Provided entries Block Start

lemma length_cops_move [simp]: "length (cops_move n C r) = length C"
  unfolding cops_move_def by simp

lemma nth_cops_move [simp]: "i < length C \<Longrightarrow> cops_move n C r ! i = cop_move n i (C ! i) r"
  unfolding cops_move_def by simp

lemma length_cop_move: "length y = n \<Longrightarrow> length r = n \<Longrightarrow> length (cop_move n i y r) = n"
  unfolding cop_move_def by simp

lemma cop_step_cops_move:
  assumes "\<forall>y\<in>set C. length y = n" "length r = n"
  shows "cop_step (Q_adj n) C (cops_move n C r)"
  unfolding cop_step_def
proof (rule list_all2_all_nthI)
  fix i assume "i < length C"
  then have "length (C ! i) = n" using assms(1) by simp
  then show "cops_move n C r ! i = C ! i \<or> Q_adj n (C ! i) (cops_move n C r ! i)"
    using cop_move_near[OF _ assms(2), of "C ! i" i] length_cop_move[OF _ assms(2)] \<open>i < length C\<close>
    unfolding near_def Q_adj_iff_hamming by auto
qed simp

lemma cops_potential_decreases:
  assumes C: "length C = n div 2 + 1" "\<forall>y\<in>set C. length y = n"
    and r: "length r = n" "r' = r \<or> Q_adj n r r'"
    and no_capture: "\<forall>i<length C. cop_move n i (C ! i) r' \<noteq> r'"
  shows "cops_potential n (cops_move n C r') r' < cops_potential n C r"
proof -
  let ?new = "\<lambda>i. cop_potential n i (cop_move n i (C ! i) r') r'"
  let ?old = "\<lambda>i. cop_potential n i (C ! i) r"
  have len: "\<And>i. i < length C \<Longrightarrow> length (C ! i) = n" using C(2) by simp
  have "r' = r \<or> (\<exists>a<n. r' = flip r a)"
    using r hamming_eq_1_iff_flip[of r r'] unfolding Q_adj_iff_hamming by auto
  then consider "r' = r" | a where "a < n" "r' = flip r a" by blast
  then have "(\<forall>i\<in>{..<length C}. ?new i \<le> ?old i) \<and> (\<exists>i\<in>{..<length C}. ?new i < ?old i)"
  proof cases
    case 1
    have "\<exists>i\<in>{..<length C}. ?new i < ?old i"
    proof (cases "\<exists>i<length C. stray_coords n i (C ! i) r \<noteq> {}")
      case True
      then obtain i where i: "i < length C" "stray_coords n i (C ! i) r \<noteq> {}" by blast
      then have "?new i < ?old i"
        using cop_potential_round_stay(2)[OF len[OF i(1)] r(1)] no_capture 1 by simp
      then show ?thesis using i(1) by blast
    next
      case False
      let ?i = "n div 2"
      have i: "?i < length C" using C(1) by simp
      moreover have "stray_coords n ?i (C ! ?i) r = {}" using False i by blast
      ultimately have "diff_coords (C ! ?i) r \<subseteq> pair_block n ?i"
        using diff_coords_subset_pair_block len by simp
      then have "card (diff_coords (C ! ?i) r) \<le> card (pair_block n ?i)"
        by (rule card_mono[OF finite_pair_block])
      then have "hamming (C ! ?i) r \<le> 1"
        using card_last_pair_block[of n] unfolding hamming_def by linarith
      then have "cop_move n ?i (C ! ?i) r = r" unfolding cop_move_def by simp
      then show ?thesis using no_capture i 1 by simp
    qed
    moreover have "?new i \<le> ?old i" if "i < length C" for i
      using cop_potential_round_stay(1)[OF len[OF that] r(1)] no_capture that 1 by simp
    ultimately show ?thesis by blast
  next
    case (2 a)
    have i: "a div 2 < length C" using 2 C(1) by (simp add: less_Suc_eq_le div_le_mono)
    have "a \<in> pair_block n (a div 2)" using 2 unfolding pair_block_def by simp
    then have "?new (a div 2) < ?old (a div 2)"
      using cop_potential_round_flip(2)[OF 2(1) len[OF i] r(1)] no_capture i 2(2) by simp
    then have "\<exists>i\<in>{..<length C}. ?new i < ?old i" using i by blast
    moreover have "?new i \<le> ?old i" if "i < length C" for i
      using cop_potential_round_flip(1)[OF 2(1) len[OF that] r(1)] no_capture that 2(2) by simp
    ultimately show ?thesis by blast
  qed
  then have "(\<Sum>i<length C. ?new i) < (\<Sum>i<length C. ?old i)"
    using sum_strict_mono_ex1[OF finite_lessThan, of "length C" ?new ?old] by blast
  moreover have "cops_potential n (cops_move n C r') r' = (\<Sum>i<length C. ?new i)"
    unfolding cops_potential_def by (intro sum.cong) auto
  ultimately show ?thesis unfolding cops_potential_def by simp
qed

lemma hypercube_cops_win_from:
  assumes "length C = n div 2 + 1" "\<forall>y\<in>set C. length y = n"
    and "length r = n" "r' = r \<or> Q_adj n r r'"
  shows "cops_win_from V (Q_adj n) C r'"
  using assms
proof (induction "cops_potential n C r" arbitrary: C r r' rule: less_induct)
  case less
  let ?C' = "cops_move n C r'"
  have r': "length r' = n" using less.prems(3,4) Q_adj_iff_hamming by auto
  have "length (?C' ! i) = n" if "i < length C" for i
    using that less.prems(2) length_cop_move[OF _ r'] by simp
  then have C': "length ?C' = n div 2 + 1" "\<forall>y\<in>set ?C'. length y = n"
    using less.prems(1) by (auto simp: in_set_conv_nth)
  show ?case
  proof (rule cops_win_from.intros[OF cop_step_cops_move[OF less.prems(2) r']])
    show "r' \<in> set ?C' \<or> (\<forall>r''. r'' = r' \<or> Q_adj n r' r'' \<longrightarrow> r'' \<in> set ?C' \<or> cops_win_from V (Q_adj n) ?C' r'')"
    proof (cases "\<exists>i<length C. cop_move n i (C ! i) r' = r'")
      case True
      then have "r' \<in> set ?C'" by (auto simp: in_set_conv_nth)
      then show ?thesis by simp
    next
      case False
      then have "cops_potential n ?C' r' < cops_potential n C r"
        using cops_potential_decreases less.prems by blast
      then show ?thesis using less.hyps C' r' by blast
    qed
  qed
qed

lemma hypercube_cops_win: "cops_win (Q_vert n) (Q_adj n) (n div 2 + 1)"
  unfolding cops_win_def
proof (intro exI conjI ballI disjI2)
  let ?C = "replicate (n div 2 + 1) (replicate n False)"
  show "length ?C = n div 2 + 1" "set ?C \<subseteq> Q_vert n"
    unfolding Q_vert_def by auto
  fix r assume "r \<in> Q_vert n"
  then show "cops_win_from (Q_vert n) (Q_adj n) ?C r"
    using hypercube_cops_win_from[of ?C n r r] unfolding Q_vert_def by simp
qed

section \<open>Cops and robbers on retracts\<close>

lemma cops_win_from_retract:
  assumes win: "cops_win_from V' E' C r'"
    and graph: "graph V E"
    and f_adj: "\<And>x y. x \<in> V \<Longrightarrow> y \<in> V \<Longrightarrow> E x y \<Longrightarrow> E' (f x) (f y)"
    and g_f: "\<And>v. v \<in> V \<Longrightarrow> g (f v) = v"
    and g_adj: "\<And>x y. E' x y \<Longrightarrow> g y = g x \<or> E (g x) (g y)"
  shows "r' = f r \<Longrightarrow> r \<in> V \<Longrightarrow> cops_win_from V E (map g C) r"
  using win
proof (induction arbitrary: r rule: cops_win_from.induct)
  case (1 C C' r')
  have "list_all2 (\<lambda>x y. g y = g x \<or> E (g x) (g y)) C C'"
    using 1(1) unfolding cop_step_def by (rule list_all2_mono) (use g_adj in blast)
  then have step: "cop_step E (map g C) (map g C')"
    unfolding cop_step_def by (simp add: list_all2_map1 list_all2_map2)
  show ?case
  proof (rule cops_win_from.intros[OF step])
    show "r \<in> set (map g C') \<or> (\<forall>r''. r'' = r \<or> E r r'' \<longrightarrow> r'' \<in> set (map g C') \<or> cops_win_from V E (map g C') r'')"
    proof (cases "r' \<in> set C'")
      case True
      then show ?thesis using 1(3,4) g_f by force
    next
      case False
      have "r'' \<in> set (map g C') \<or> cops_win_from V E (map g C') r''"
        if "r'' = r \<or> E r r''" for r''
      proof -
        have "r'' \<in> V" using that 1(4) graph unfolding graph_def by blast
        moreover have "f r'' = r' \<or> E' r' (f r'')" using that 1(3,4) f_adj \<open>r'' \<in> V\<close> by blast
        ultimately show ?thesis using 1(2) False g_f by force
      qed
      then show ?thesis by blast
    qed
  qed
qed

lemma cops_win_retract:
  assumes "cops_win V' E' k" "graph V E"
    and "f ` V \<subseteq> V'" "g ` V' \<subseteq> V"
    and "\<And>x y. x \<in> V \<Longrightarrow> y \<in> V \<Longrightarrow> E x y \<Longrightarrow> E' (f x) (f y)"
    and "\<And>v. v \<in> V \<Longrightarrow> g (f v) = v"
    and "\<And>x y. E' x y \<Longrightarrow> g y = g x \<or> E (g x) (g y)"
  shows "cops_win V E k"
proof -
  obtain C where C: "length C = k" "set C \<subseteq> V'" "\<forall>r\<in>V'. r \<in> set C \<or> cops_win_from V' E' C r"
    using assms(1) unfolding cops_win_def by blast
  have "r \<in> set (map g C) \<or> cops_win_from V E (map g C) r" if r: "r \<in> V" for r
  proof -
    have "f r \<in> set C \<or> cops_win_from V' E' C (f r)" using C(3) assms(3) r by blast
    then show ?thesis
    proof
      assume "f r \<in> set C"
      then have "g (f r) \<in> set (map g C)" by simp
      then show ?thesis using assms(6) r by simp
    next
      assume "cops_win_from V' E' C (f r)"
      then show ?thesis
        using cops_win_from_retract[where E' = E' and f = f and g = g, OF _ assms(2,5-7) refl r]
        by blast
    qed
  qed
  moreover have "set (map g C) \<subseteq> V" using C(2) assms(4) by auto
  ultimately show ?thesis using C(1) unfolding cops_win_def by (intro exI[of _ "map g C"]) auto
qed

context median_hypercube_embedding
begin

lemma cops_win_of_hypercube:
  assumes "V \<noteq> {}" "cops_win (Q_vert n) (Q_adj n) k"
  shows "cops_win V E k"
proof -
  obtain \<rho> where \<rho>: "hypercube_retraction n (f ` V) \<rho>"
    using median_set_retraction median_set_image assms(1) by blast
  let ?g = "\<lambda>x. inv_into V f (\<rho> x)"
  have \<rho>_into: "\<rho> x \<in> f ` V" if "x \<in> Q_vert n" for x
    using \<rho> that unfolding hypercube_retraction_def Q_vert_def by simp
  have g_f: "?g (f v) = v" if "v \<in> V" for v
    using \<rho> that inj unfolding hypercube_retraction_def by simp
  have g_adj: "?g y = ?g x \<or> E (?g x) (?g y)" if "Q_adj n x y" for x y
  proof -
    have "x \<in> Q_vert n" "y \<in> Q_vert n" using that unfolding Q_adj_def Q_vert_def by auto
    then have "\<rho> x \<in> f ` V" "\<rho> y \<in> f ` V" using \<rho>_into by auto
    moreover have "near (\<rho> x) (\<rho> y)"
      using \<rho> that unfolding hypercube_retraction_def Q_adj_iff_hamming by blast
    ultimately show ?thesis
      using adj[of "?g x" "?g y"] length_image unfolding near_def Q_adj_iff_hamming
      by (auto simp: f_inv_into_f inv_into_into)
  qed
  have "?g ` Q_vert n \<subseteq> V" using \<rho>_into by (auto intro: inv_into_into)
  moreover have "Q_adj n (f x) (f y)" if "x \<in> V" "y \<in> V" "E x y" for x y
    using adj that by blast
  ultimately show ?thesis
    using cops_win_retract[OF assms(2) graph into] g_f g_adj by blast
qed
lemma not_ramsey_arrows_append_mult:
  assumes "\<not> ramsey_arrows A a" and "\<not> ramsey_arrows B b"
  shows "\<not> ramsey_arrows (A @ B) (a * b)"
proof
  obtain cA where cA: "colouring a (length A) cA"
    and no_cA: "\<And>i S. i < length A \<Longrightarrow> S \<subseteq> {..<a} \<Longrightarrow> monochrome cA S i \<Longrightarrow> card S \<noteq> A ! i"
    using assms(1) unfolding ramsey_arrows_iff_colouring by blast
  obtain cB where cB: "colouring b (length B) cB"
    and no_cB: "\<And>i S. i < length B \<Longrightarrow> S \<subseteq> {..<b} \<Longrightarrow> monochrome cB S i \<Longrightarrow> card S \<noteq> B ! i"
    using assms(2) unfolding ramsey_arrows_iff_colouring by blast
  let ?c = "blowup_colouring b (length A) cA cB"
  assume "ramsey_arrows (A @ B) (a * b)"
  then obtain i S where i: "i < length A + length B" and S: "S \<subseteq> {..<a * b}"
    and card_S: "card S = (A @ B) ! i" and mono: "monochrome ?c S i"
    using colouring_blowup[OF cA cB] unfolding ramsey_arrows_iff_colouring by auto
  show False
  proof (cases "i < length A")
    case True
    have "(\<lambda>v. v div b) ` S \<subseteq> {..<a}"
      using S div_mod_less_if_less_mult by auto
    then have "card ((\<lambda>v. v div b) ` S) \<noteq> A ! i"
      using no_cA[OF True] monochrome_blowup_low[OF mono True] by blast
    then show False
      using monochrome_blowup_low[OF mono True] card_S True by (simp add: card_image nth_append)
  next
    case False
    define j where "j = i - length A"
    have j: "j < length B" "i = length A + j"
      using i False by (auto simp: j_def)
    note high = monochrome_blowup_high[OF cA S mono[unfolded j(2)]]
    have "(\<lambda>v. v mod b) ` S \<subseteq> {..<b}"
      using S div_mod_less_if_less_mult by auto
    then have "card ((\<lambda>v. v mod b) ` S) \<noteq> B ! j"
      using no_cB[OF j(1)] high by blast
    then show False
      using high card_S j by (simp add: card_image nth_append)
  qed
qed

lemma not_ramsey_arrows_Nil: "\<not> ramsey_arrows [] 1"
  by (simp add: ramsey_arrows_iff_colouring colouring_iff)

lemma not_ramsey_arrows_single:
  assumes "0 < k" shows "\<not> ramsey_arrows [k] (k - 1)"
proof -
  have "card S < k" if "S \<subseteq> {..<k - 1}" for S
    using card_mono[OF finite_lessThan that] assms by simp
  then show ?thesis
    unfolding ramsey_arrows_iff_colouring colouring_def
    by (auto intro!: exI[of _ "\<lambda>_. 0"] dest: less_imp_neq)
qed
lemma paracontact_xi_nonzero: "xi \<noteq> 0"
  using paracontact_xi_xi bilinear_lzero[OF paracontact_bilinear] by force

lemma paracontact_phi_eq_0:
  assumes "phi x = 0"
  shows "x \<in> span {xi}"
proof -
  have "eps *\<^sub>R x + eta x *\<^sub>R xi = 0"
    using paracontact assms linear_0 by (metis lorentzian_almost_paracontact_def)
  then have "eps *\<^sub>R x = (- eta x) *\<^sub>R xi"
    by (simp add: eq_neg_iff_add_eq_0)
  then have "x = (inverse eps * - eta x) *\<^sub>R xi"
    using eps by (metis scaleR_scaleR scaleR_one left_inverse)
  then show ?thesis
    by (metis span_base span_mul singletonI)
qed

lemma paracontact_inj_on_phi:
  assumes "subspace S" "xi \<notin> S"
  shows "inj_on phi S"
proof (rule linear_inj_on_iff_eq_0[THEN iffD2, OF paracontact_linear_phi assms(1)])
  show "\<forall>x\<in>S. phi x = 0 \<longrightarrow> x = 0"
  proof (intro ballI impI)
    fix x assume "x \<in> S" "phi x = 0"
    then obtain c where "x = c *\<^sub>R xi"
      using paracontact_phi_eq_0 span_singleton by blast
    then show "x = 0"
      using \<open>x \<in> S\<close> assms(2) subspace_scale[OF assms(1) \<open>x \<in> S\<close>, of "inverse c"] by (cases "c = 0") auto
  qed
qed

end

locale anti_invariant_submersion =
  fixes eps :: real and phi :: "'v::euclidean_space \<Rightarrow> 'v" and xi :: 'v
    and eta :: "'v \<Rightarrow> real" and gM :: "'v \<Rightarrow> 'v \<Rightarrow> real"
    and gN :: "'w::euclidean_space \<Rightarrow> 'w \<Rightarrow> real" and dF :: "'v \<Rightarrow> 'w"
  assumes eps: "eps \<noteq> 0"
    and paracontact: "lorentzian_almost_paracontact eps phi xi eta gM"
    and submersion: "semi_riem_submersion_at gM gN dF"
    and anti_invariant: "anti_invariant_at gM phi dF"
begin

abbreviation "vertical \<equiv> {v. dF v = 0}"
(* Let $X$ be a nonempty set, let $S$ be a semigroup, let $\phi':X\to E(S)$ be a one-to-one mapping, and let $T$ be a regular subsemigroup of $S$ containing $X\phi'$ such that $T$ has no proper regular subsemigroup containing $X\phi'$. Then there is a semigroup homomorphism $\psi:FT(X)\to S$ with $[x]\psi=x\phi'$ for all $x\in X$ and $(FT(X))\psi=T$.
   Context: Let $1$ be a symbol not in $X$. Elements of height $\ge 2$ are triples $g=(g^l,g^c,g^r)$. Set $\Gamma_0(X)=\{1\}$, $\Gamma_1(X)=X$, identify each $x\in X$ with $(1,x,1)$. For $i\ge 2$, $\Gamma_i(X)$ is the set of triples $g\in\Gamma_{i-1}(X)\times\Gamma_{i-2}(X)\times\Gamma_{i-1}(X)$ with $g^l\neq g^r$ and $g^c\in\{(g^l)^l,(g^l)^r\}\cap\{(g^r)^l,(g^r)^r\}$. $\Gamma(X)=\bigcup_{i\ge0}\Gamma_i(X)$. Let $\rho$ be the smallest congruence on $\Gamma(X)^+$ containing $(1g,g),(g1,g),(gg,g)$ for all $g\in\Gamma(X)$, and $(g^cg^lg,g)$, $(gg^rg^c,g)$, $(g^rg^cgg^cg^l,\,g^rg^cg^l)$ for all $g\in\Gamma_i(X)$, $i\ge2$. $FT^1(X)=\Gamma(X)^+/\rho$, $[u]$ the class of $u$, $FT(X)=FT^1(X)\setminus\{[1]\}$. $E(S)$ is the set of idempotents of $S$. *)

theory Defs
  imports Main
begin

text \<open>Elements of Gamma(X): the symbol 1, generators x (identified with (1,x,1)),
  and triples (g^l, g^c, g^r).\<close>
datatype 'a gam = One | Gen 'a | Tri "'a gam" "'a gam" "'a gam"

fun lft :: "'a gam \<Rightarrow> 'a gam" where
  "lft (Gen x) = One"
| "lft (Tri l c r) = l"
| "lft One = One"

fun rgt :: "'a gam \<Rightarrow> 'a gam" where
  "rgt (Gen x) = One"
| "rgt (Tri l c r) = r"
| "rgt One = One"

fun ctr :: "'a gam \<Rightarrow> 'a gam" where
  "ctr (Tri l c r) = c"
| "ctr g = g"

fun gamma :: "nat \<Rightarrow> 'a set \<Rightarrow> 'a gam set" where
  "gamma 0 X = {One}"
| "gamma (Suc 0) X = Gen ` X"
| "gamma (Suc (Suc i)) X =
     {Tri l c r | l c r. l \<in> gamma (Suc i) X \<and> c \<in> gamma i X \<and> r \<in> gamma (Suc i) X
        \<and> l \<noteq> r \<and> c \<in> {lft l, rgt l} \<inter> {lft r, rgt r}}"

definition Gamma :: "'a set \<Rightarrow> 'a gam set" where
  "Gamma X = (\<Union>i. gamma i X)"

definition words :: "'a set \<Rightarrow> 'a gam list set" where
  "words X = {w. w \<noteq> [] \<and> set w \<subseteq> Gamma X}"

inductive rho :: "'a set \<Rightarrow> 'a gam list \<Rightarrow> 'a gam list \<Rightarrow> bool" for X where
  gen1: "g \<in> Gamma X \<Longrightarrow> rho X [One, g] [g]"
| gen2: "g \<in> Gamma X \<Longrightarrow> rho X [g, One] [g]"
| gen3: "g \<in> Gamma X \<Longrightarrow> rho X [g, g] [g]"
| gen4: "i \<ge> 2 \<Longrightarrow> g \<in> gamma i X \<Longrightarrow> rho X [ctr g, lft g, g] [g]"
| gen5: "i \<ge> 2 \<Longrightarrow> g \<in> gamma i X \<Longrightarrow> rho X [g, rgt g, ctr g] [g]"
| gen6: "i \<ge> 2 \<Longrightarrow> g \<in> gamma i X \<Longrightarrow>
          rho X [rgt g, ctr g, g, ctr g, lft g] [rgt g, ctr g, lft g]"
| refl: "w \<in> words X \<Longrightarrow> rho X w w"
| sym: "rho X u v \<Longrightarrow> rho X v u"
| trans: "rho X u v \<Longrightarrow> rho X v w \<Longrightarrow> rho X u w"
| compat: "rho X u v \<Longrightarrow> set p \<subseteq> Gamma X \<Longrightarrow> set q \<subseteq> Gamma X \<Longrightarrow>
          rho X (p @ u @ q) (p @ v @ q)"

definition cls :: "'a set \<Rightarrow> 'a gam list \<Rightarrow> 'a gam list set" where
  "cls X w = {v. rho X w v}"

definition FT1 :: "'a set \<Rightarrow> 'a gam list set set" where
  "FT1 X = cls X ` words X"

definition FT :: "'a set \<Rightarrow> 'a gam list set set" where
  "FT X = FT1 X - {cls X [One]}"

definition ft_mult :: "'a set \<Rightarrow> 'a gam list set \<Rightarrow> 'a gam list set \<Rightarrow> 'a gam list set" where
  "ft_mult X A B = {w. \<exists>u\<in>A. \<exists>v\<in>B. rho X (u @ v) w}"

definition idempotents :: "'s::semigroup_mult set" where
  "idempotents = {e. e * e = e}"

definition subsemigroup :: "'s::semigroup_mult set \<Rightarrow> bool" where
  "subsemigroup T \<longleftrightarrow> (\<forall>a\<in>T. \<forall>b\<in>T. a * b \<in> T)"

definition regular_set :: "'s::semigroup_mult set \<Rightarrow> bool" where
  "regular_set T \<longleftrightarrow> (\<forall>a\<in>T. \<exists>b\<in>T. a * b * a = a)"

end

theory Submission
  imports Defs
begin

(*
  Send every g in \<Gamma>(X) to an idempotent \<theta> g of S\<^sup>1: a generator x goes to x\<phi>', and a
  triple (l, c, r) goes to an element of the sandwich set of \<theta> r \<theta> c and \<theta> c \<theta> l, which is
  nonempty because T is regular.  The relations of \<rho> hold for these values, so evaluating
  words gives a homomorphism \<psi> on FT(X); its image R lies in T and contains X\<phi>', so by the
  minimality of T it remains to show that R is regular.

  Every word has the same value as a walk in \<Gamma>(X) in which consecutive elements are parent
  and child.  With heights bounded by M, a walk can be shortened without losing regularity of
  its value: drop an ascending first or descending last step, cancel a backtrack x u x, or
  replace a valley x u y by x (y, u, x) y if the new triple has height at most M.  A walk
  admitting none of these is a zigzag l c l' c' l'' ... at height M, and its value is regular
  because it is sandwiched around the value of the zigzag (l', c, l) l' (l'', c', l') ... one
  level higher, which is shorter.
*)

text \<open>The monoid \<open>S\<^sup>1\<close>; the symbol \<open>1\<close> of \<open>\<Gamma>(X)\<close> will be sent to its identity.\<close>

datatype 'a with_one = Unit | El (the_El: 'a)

Provided entries Block End

• What this task involves:
Within the material above, extract exactly the lines that start at the line containing "using sum_strict_mono_ex1[OF finite_lessThan, of" and stop after the line containing "r' rule: less_induct)", and only those.

• Written reply:
    using sum_strict_mono_ex1[OF finite_lessThan, of "length C" ?new ?old] by blast
  moreover have "cops_potential n (cops_move n C r') r' = (\<Sum>i<length C. ?new i)"
    unfolding cops_potential_def by (intro sum.cong) auto
  ultimately show ?thesis unfolding cops_potential_def by simp
qed

lemma hypercube_cops_win_from:
  assumes "length C = n div 2 + 1" "\<forall>y\<in>set C. length y = n"
    and "length r = n" "r' = r \<or> Q_adj n r r'"
  shows "cops_win_from V (Q_adj n) C r'"
  using assms
proof (induction "cops_potential n C r" arbitrary: C r r' rule: less_induct)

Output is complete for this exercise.